DESCRIPTION OF THE TASK. The answer must be a single number: how many lines of the records below hold the word "thus".

Collected data.
........

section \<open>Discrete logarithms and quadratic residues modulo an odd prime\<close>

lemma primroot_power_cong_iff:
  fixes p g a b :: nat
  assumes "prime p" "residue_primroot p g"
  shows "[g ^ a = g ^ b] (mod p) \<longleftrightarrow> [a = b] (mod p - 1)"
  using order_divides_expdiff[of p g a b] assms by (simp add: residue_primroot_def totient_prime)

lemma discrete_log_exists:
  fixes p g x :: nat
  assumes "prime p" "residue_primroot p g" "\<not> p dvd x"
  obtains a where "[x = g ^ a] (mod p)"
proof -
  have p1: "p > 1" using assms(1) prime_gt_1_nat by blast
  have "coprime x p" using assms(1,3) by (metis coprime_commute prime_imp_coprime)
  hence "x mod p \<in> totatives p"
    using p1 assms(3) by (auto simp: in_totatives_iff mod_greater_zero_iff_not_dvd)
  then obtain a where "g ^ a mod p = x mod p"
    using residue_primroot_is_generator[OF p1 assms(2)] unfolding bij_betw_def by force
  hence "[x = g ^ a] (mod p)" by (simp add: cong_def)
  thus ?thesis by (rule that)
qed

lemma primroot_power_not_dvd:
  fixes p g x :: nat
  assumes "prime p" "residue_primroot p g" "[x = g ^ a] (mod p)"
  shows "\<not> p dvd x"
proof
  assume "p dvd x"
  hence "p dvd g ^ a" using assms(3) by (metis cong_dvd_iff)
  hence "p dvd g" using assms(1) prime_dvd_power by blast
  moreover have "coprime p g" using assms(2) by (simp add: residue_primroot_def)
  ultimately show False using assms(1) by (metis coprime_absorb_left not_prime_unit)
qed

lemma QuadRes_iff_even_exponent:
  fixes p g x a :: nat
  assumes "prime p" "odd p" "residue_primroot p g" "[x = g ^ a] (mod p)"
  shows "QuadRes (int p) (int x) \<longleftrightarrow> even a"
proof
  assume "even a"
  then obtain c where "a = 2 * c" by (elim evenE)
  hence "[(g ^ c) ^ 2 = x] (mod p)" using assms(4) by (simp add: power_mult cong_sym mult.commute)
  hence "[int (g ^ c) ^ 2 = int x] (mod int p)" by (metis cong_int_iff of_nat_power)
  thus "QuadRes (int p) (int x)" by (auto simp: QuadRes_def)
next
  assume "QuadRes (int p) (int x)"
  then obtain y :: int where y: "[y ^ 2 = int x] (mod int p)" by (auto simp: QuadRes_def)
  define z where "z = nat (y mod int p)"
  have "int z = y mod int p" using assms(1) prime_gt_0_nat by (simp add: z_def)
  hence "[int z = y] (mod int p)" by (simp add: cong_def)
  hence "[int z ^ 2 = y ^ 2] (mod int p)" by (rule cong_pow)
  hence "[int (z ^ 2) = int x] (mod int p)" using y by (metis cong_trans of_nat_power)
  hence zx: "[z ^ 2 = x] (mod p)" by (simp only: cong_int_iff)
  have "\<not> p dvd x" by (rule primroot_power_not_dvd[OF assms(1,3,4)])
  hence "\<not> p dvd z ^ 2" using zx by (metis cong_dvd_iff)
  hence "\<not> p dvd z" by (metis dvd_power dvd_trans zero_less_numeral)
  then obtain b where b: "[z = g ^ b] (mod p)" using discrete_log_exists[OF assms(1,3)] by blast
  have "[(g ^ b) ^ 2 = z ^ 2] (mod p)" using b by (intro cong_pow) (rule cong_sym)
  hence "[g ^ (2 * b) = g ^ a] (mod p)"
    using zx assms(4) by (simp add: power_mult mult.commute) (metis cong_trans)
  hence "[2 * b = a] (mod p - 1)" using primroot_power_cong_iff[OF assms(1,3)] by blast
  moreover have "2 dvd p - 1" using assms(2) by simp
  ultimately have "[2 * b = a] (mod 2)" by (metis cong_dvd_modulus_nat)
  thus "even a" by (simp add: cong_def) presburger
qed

........

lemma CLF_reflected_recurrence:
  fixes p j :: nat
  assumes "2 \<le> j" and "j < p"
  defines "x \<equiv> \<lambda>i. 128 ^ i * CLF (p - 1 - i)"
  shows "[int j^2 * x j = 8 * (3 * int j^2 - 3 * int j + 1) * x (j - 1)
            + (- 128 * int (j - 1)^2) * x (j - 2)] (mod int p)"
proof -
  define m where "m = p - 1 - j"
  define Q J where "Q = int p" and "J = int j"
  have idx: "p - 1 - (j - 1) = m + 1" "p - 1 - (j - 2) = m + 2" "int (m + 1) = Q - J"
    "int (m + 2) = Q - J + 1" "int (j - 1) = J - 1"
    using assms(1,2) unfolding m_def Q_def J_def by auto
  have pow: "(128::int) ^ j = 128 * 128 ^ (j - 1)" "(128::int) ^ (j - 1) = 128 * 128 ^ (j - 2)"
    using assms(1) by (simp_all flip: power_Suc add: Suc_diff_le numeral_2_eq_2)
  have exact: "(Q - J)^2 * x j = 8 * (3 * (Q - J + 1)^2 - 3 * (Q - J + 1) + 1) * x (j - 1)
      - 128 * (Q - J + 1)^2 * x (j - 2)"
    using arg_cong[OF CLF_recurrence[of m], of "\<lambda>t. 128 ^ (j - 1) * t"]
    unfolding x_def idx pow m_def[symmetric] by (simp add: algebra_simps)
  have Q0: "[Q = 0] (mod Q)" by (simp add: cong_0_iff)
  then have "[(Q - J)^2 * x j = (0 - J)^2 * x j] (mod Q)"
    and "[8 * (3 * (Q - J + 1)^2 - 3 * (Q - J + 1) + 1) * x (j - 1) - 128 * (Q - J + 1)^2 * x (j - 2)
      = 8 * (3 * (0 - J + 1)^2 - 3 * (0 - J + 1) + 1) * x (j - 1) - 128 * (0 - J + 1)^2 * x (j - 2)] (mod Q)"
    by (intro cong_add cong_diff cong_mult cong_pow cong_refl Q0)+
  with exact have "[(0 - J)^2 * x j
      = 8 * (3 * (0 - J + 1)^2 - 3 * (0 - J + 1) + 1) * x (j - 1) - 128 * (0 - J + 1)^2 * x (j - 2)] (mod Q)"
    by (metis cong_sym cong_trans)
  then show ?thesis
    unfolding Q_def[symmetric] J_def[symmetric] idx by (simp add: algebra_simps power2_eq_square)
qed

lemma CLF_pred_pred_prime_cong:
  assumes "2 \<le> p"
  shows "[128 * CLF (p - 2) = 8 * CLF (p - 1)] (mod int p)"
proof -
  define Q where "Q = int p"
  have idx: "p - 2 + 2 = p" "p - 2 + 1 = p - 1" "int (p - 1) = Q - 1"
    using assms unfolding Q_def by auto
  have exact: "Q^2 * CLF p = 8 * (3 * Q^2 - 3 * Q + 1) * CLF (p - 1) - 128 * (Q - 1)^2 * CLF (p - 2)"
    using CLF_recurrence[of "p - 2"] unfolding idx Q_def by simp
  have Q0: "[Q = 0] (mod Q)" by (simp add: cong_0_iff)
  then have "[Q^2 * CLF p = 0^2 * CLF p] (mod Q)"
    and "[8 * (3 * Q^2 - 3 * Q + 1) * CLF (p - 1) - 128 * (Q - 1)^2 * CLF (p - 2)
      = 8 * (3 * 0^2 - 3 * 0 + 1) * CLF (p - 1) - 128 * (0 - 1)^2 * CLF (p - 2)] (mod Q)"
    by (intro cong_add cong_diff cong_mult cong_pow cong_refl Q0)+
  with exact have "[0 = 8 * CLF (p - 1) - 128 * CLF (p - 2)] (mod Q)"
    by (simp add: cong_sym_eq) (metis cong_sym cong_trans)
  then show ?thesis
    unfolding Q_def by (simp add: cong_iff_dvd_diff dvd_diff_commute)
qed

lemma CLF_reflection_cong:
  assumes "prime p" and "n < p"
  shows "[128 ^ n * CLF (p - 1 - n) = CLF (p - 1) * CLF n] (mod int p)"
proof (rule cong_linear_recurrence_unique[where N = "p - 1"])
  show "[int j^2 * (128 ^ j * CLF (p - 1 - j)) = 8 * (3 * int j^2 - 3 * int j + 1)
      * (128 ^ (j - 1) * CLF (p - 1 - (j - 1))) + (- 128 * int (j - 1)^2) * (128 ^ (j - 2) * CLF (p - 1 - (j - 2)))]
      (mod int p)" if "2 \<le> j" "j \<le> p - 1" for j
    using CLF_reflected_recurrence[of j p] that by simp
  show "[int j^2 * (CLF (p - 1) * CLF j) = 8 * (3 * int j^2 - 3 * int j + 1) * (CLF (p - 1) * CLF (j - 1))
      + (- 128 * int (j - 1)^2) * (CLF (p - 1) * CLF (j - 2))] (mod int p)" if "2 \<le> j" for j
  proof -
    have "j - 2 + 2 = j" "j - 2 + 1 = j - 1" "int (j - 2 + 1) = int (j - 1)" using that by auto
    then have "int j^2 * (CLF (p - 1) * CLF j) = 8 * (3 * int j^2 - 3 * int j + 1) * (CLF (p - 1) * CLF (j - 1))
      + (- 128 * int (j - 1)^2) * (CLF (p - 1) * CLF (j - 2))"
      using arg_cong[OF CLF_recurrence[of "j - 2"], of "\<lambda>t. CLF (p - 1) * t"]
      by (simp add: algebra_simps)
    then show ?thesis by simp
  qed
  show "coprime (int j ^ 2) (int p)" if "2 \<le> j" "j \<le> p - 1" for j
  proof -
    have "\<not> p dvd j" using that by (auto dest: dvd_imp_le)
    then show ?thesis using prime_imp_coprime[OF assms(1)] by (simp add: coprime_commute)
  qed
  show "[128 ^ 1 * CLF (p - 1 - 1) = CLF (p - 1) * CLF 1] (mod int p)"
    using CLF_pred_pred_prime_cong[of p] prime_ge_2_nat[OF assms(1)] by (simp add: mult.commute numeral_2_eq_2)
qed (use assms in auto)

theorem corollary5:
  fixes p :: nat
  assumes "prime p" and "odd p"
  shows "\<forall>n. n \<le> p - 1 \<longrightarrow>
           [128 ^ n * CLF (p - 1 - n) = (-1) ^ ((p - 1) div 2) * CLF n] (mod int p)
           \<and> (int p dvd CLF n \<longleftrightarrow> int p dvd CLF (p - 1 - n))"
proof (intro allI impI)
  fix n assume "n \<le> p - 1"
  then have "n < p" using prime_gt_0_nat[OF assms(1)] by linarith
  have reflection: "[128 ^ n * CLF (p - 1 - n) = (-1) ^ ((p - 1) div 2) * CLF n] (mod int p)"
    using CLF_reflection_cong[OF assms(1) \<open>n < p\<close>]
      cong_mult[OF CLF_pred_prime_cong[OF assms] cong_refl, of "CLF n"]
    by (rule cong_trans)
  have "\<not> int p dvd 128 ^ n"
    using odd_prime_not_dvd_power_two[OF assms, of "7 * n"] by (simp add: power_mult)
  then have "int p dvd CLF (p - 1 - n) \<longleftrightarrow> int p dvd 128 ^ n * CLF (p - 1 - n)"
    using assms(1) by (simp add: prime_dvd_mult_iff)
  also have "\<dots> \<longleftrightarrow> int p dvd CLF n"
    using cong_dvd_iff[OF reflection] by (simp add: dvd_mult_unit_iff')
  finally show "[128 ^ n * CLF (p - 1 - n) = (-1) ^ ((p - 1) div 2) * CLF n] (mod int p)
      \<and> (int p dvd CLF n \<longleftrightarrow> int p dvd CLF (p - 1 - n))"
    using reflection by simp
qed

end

........

PROBLEM SOLUTION. 3